A drain field is 18 inches deep.  The idea is that there are gobs of micro critters that are hanging out right there that love to eat poopy water. 

How deep do these critters go?  How much poopy water do they eat?  Do they eat the pathogens?  Do they let most of the N go down, down, down to our drinking water?

Paul,

I can't answer those questions, but I think the right person to ask would be a civil or environmental engineer. I suspect most municipalities and/or counties probably employ them.

Also, with regard to winter wastewater treatment, about 12 years ago in Wisconsin I helped install an engineered wetland for wastewater treatment. It was the first of it's kind so far north. We installed it at Riveredge Nature Center (description at http://riveredgenaturecenter.org/default.aspx?id=40). The reason it was experimental at the time was because they didn't know how the system would react to extreme cold (zone 4-5). As it turns out in that climate the temperature of the water moving through combined with the decomposition activity to keep it functioning year round. The system could have two feet of snow on it and it would still function. Several have now been installed in the area.

I would guess that a drain field would work similarly to a compost pile, where the heat of decomposition would prevent it from freezing and keep it functional (I assume this is what you're getting at).

Dave

So a standard septic system will work just fine?  I wonder if there are reports of how much waste actually does not get handled.

I would imagine how much N makes it into the groundwater depends on the soil type and the depth of the water table as well as the vegetation growing over the drain feild. so I don't think there is a single answer to that question. different areas require different methods of waste managment. the bacteria do "eat" the pathogens in a system functioning correctly jsut as they would if you left your poo in the ground but because the conditions are purposely created to foster the enviroment for the micro organisms (moisture/depth/ some time in the tank first..... it should be a faster more reliable method. the old place required an aerobic system where all the microbial action took place before the water left the system. we were told that eventually standard drain feild systems are to be phased out due to the many variables affecting their proper functioning and its relationship to ground water quality.   

I wonder if there is some data somewhere that has PPM info on NPK and pathogens under septic systems and for city sewer systems.  And then if we could extrapolate that on a per person per year basis.

So, in summary, we could have:

pathogen PPM per person per year

nitrogen PPM per person per year

phosphorus PPM per person per year

potassium PPM per person per year

And then we could have a basis for a threshold for alternative systems.

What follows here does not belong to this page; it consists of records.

definition rank_less :: "'n set \<Rightarrow> ('n \<Rightarrow> 'n \<Rightarrow> bool) \<Rightarrow> 'n rel" where
  "rank_less N ch = {(u, v). rank_le N ch u v \<and> \<not> rank_le N ch v u}"

definition rank_class :: "'n set \<Rightarrow> ('n \<Rightarrow> 'n \<Rightarrow> bool) \<Rightarrow> 'n \<Rightarrow> 'n set" where
  "rank_class N ch s = {t \<in> N. rank_le N ch s t \<and> rank_le N ch t s}"

lemma rank_classes_eq: "rank_classes N ch = rank_class N ch ` N"
  unfolding rank_classes_def rank_class_def by blast

lemma Field_forest_inv_sub: "Field (forest_inv N ch) \<subseteq> rank_classes N ch"
  unfolding Field_def forest_inv_def by auto

lemma rank_class_of_mem: "t \<in> rank_class N ch s \<Longrightarrow> rank_class N ch t = rank_class N ch s"
  unfolding rank_class_def by (blast intro: rank_le_trans)

locale wf_forest =
  fixes N :: "'n set" and ch :: "'n \<Rightarrow> 'n \<Rightarrow> bool"
  assumes wf_child: "wf {(t, s). s \<in> N \<and> t \<in> N \<and> ch s t}"
begin

lemma forest_induct:
  assumes "\<And>s. (\<And>s'. s \<in> N \<Longrightarrow> s' \<in> N \<Longrightarrow> ch s s' \<Longrightarrow> P s') \<Longrightarrow> P s"
  shows "P s"
  using wf_child by (induction s rule: wf_induct_rule) (auto intro: assms)

lemma rank_le_refl: "s \<in> N \<Longrightarrow> rank_le N ch s s"
proof (induction s rule: forest_induct)
  case (1 s)
  then show ?case by (intro rank_le.intros) auto
qed

lemma rank_le_child: "s \<in> N \<Longrightarrow> t \<in> N \<Longrightarrow> ch s t \<Longrightarrow> rank_le N ch t s"
proof (induction s arbitrary: t rule: forest_induct)
  case (1 s)
  show ?case
  proof (rule rank_le.intros)
    show "\<forall>s'. s' \<in> N \<and> ch t s' \<longrightarrow> (\<exists>t'. t' \<in> N \<and> ch s t' \<and> rank_le N ch s' t')"
      using 1(1)[of t] "1.prems" by blast
  qed (use "1.prems" in auto)
qed

lemma not_rank_le_child: "s \<in> N \<Longrightarrow> t \<in> N \<Longrightarrow> ch s t \<Longrightarrow> \<not> rank_le N ch s t"
proof (induction s arbitrary: t rule: forest_induct)
  case (1 s)
  show ?case
  proof
    assume st: "rank_le N ch s t"
    obtain t' where t': "t' \<in> N" "ch t t'" "rank_le N ch t t'"
      using rank_le_childD[OF st "1.prems"(2,3)] by blast
    then show False using 1(1)[OF "1.prems"(1,2,3,2) t'(1,2)] by blast
  qed
qed

lemma not_rank_le_imp_child:
  "s \<in> N \<Longrightarrow> t \<in> N \<Longrightarrow> \<not> rank_le N ch s t \<Longrightarrow> \<exists>s'. s' \<in> N \<and> ch s s' \<and> rank_le N ch t s'"
proof (induction t arbitrary: s rule: forest_induct)
  case (1 t)
  obtain s' where s': "s' \<in> N" "ch s s'" "\<And>t'. t' \<in> N \<Longrightarrow> ch t t' \<Longrightarrow> \<not> rank_le N ch s' t'"
    using not_rank_leE[OF "1.prems"] by blast
  have "rank_le N ch t s'"
  proof (rule rank_le.intros)
    show "\<forall>t'. t' \<in> N \<and> ch t t' \<longrightarrow> (\<exists>s''. s'' \<in> N \<and> ch s' s'' \<and> rank_le N ch t' s'')"
      using 1(1) s' "1.prems"(2) by blast
  qed (use s' "1.prems" in auto)
  then show ?case using s' by blast
qed

lemma rank_le_total:
  assumes "s \<in> N" "t \<in> N"
  shows "rank_le N ch s t \<or> rank_le N ch t s"
proof (rule disjCI)
  assume "\<not> rank_le N ch t s"
  then obtain t' where t': "t' \<in> N" "ch t t'" "rank_le N ch s t'"
    using not_rank_le_imp_child[OF assms(2,1)] by blast
  show "rank_le N ch s t"
    using rank_le_trans[OF t'(3) rank_le_child[OF assms(2) t'(1,2)]] .
qed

Paul talks about this in this podcast: http://www.richsoil.com/permaculture/435-podcast-077-creating-an-oasis-with-grey-water-2/

More about wastewater and why normal septic systems might not work all that well:  http://www.solviva.com/wastewater.htm

Looking just for N reduction doesn't really have any bearing on pathogens. Highly soluble N is the canary in the coal mine for other nasties, prescription drugs, persistent chemical pollutants. Testing for nitrates is cheap and easy as compared to others.
One can easily treat for N with Alternative Treatment Technology ( ATT's) yet not treat for those other possibly more dangerous things.
Nitrate contamination if that is the only fear is much easier and afforadbly addressed with filtration. The Feds indicate 1.5% of gross income should be what is normally set aside for clean drinking water. Of systems approved within Oregon the most effective for nitrate reduction cost app $39,000.00 far above 1.5% of my income.
Composting toilets are an efective path for reduction of nitrates temperatures within the composted material addressing pathogens. I would still have problems in disposing of the material on food plants. In Oregon the material is prohibited from that use. 
De-nitrification naturally occurs through plant uptake in riparian areas and as it travels to the sub-oxic layer of groundwater.
Nitrates an effective and easily detected precursor to how septic effluent passes or infiltrates the groundwater but not necessarily any indication of E-coli or human pathogens within the aquifer.

Paul, I'd be interested in your views on Mike Reynolds work (the earthship guy). His buildings address all of the issues you discuss in your podcasts. They collect rainwater for all water usage (no wells, pumps, softening, very little filtration needed), they process their own grey and black water separately, they have at least one self contained greenhouse for the processing of greywater and allow for the addition of another for the black water system, the homes are designed and built from New Mexico, Haiti, Canada without conventional heating or cooling systems (solar gain, thermal mass and convection only), and are designed to be powered completely off grid. His videos may be seen here:
Garbage Warrior
http://www.youtube.com/playlist?list=PL2F4C0B3123189EC8&feature=mh_lolz
Earthship Seminar 1,2
http://www.youtube.com/playlist?list=PL7C8F40E6B3BBDFAE&feature=mh_lolz

Nitrogen in a standard septic system is generally considered 61 mg/l for  what enters the tank it is generally determined that it is reduced to 46-41 mg/l after it leaves the tank and encounters ground water.
A grey water system which in Oregon 2/3rds the size of what is required for a standard system is about 17.5 mg/l of nitrates as it enters the tank and it is commonly estimated that 3-4 as it reaches the groundwater.
Now there are a lot of different factors but this is generally accepted as initial figures for nitrates.